Ambos se miran de reojo, teniendo sus mejillas demasiado sonrojadas y sus ojos brillando en vergüenza.
- Si sientes todo eso ¿por qué aceptaste ser novio de Sakumo en primer lugar?
- Ella siempre se me ha hecho una chica muy bonita, y siempre supe lo que sentía por mí. Cuando se me declaro me fue imposible rechazarla porque no quería lastimarla y pensé que con el tiempo tal vez llegue a verla como algo más que una amiga. –dice en un susurro que de no ser porque no hay mas ruidos y porque están cerca Momo no lo hubiera oído.
- Hubiera sido mejor hablarle con la verdad desde el principio. –dice resignado, para después soltar un profundo suspiro y Ryoma no dijo nada, pero estaba de acuerdo con él. – ¿Y Elea-san? ¿Ella que siente por ti? Al menos eres correspondido me imagino. –dice con seguridad, al verlos besándose seria lo mas lógico.
- No sé que siente ella por mí. –dice cortante y Momo lo mira incrédulo.
- ¡Pero los vi besándose! ¡Vi las marcas en tu torso en las duchas, eso significa que han sido más que besos los que se han dado! –dice alterado, apuntando su torso como si quisiera afirmar lo de las marcas. – ¡Lo que significa que ella te ama! ¿O no me dirás que esas marcas te las hizo otra mujer? No soy tonto y se que no son marcas de golpes de pelotas.

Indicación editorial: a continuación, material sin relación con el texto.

definition post_mean :: "('a \<Rightarrow> 'a \<Rightarrow> real) \<Rightarrow> real \<Rightarrow> (nat \<Rightarrow> 'a) \<Rightarrow> (nat \<Rightarrow> real) \<Rightarrow> nat \<Rightarrow> 'a \<Rightarrow> real" where
  "post_mean k s2 x y t z = kvec k x t z \<bullet> (reg_inv k s2 x t *\<^sub>v yvec y t)"

definition post_var :: "('a \<Rightarrow> 'a \<Rightarrow> real) \<Rightarrow> real \<Rightarrow> (nat \<Rightarrow> 'a) \<Rightarrow> nat \<Rightarrow> 'a \<Rightarrow> real" where
  "post_var k s2 x t z = 1 - kvec k x t z \<bullet> (reg_inv k s2 x t *\<^sub>v kvec k x t z)"

definition post_sd :: "('a \<Rightarrow> 'a \<Rightarrow> real) \<Rightarrow> real \<Rightarrow> (nat \<Rightarrow> 'a) \<Rightarrow> nat \<Rightarrow> 'a \<Rightarrow> real" where
  "post_sd k s2 x t z = sqrt (post_var k s2 x t z)"

definition incumbent :: "('a \<Rightarrow> 'a \<Rightarrow> real) \<Rightarrow> real \<Rightarrow> (nat \<Rightarrow> 'a) \<Rightarrow> (nat \<Rightarrow> real) \<Rightarrow> nat \<Rightarrow> real" where
  "incumbent k s2 x y t = Min ((\<lambda>i. post_mean k s2 x y t (x i)) ` {1..t})"

definition EI :: "('a \<Rightarrow> 'a \<Rightarrow> real) \<Rightarrow> real \<Rightarrow> (nat \<Rightarrow> 'a) \<Rightarrow> (nat \<Rightarrow> real) \<Rightarrow> nat \<Rightarrow> 'a \<Rightarrow> real" where
  "EI k s2 x y t z =
     (let xi = incumbent k s2 x y t; m = post_mean k s2 x y t z; s = post_sd k s2 x t z;
          u = (xi - m) / s
      in (xi - m) * Phi u + s * phi u)"

definition psd_kernel_on :: "'a set \<Rightarrow> ('a \<Rightarrow> 'a \<Rightarrow> real) \<Rightarrow> bool" where
  "psd_kernel_on C k \<longleftrightarrow> (\<forall>x y. x \<in> C \<longrightarrow> y \<in> C \<longrightarrow> k x y = k y x) \<and>
     (\<forall>n (p :: nat \<Rightarrow> 'a) (a :: nat \<Rightarrow> real). (\<forall>i<n. p i \<in> C) \<longrightarrow>
        (\<Sum>i<n. \<Sum>j<n. a i * a j * k (p i) (p j)) \<ge> 0)"

end

theory Submission
  imports Defs "Jordan_Normal_Form.Determinant"
begin

text \<open>
  Write the expected improvement as \<open>s tau ((xi - m) / s)\<close> with \<open>tau u = u Phi u + phi u\<close>.
  On \<open>C\<close> the posterior deviation after \<open>n\<close> observations lies between
  \<open>c = sqrt (sigma\<^sup>2 / (n + sigma\<^sup>2))\<close> and \<open>1\<close>. The incumbent is the posterior mean at a
  sampled point, where the expected improvement is at least \<open>c phi 0\<close>; since \<open>x t\<close> maximizes
  it and \<open>tau u \<le> phi u\<close> for \<open>u \<le> 0\<close>, the posterior mean at \<open>x t\<close> exceeds the incumbent by
  at most \<open>sqrt (- 2 ln c) = c\<^sub>\<mu>\<close> deviations. Comparing with \<open>[x*]\<^sub>t\<close> through
  \<open>u - sqrt (2 / pi) \<le> tau u \<le> max u 0 + phi 0\<close> bounds the difference of the posterior means;
  the event \<open>E\<^sup>r(t)\<close> turns means into function values, Lipschitz continuity costs \<open>1 / t\<^sup>2\<close>
  between \<open>[x*]\<^sub>t\<close> and \<open>x*\<close>, and \<open>beta\<^sub>t \<ge> 32 / 5\<close> absorbs \<open>sqrt (2 / pi)\<close> into
  \<open>0.328 sqrt beta\<^sub>t\<close>.
\<close>

section \<open>The standard normal distribution\<close>

lemma Phi_nonneg: "0 \<le> Phi z"
  by (simp add: Phi_def)

lemma Phi_le_1: "Phi z \<le> 1"
proof -
  interpret prob_space "density lborel phi"
    using prob_space_normal_density[of 1 0] by simp
  show ?thesis unfolding Phi_def by (rule prob_le_1)
qed

lemma one_minus_Phi_eq_integral: "1 - Phi z = integral\<^sup>L lborel (\<lambda>u. phi u * indicator {z<..} u)"
proof -
  interpret prob_space "density lborel phi"
    using prob_space_normal_density[of 1 0] by simp
  have "1 - Phi z = measure (density lborel phi) (UNIV - {..z})"
    unfolding Phi_def using prob_compl[of "{..z}"] by simp
  also have "UNIV - {..z} = {z<..}" by auto
  also have "measure (density lborel phi) {z<..} = integral\<^sup>L (density lborel phi) (indicator {z<..})"
    by simp
  also have "\<dots> = integral\<^sup>L lborel (\<lambda>u. phi u *\<^sub>R indicator {z<..} u)"
    by (rule integral_density) auto
  finally show ?thesis by simp
qed

text \<open>For \<open>z > 0\<close>: \<open>z P(Z > z) \<le> E|Z| = sqrt (2 / pi)\<close>.\<close>

lemma mult_one_minus_Phi_le: "z * (1 - Phi z) \<le> sqrt (2 / pi)"
proof (cases "z > 0")
  case False
  then have "z * (1 - Phi z) \<le> 0"
    using Phi_le_1[of z] by (simp add: mult_nonpos_nonneg)
  moreover have "0 \<le> sqrt (2 / pi)" by simp
  ultimately show ?thesis by linarith
next
  case True
  have "z * (1 - Phi z) = integral\<^sup>L lborel (\<lambda>u. z * (phi u * indicator {z<..} u))"
    by (simp add: one_minus_Phi_eq_integral)
  also have "\<dots> \<le> integral\<^sup>L lborel (\<lambda>u. phi u * \<bar>u\<bar> ^ (2 * 0 + 1))"
  proof (rule integral_mono)
    show "integrable lborel (\<lambda>u. z * (phi u * indicator {z<..} u))"
      by (intro integrable_mult_right integrable_real_mult_indicator) auto
    show "integrable lborel (\<lambda>u. phi u * \<bar>u\<bar> ^ (2 * 0 + 1))"
      by (rule integrable_std_normal_moment_abs)
    show "z * (phi u * indicator {z<..} u) \<le> phi u * \<bar>u\<bar> ^ (2 * 0 + 1)" for u
      using True by (auto simp: indicator_def mult.commute intro!: mult_right_mono)
  qed
  also have "\<dots> = sqrt (2 / pi)"
    using integral_std_normal_moment_abs_odd[of 0] by simp
  finally show ?thesis .
qed

lemma phi_eq_phi_0_mult_exp: "phi u = phi 0 * exp (- u\<^sup>2 / 2)"
  by (simp add: std_normal_density_def)

lemma phi_0_pos: "0 < phi 0"
  by (simp add: std_normal_density_def)

lemma phi_le_phi_0: "phi u \<le> phi 0"
  using phi_eq_phi_0_mult_exp[of u] phi_0_pos by (simp add: mult_le_cancel_left1)

lemma phi_0_squared: "(phi 0)\<^sup>2 = 1 / (2 * pi)"
  by (simp add: std_normal_density_def power_divide)

section \<open>The expected improvement as a function of improvement and deviation\<close>

definition tau :: "real \<Rightarrow> real" where
  "tau u = u * Phi u + phi u"

definition ei :: "real \<Rightarrow> real \<Rightarrow> real" where
  "ei a s = a * Phi (a / s) + s * phi (a / s)"

lemma EI_eq_ei:
  "EI k s2 x y n z = ei (incumbent k s2 x y n - post_mean k s2 x y n z) (post_sd k s2 x n z)"
  by (simp add: EI_def ei_def Let_def)

lemma ei_eq_mult_tau: "s \<noteq> 0 \<Longrightarrow> ei a s = s * tau (a / s)"
  by (simp add: ei_def tau_def algebra_simps)

lemma ei_zero: "ei 0 s = s * phi 0"
  by (simp add: ei_def)

lemma tau_ge: "u - sqrt (2 / pi) \<le> tau u"
proof -
  have "u - u * Phi u \<le> sqrt (2 / pi)"
    using mult_one_minus_Phi_le[of u] by (simp add: right_diff_distrib)
  moreover have "0 \<le> phi u" by simp
  ultimately show ?thesis unfolding tau_def by linarith
qed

- Momo-senpai solo he estado con Elea, además no siempre se tiene que amar a alguien para hacer esas cosas. –Ryoma lo mira con ojos entrecerrados y le habla como si de un niño de cinco años se tratara, haciendo que el pelinegro lo mire ofendido a la vez que se sonrojo ante la vergüenza.
- Lo sé. –dice molesto, cruzando sus brazos a la altura de su pecho y volteando su rostro a un lado haciéndose el digno. Ryoma suelta un profundo suspiro mostrándose cansado.
- La verdad no sé lo que sienta por mí. Ella es muy coqueta y liberal, además que difícilmente muestra lo que siente. A como lo veo yo sencillamente lo que hacemos es una entretención para ella. –dice con molestia.
- ¿Y estas bien con eso? –pregunta incrédulo.
- No le puedo exigir nada, recuerda que yo tengo novia. –Ryoma lo mira con ojos entrecerrados y una gota de sudor resbalando por su frente, y Momo casi cae estilo anime.
- ¡Entonces corta con Sakumo! Eso es lo mejor para todos. Sakumo no seguirá siendo engañada, tú puedes intentar conquistar a Elea, y Elea-san tal vez te tome mas enserio si eres soltero.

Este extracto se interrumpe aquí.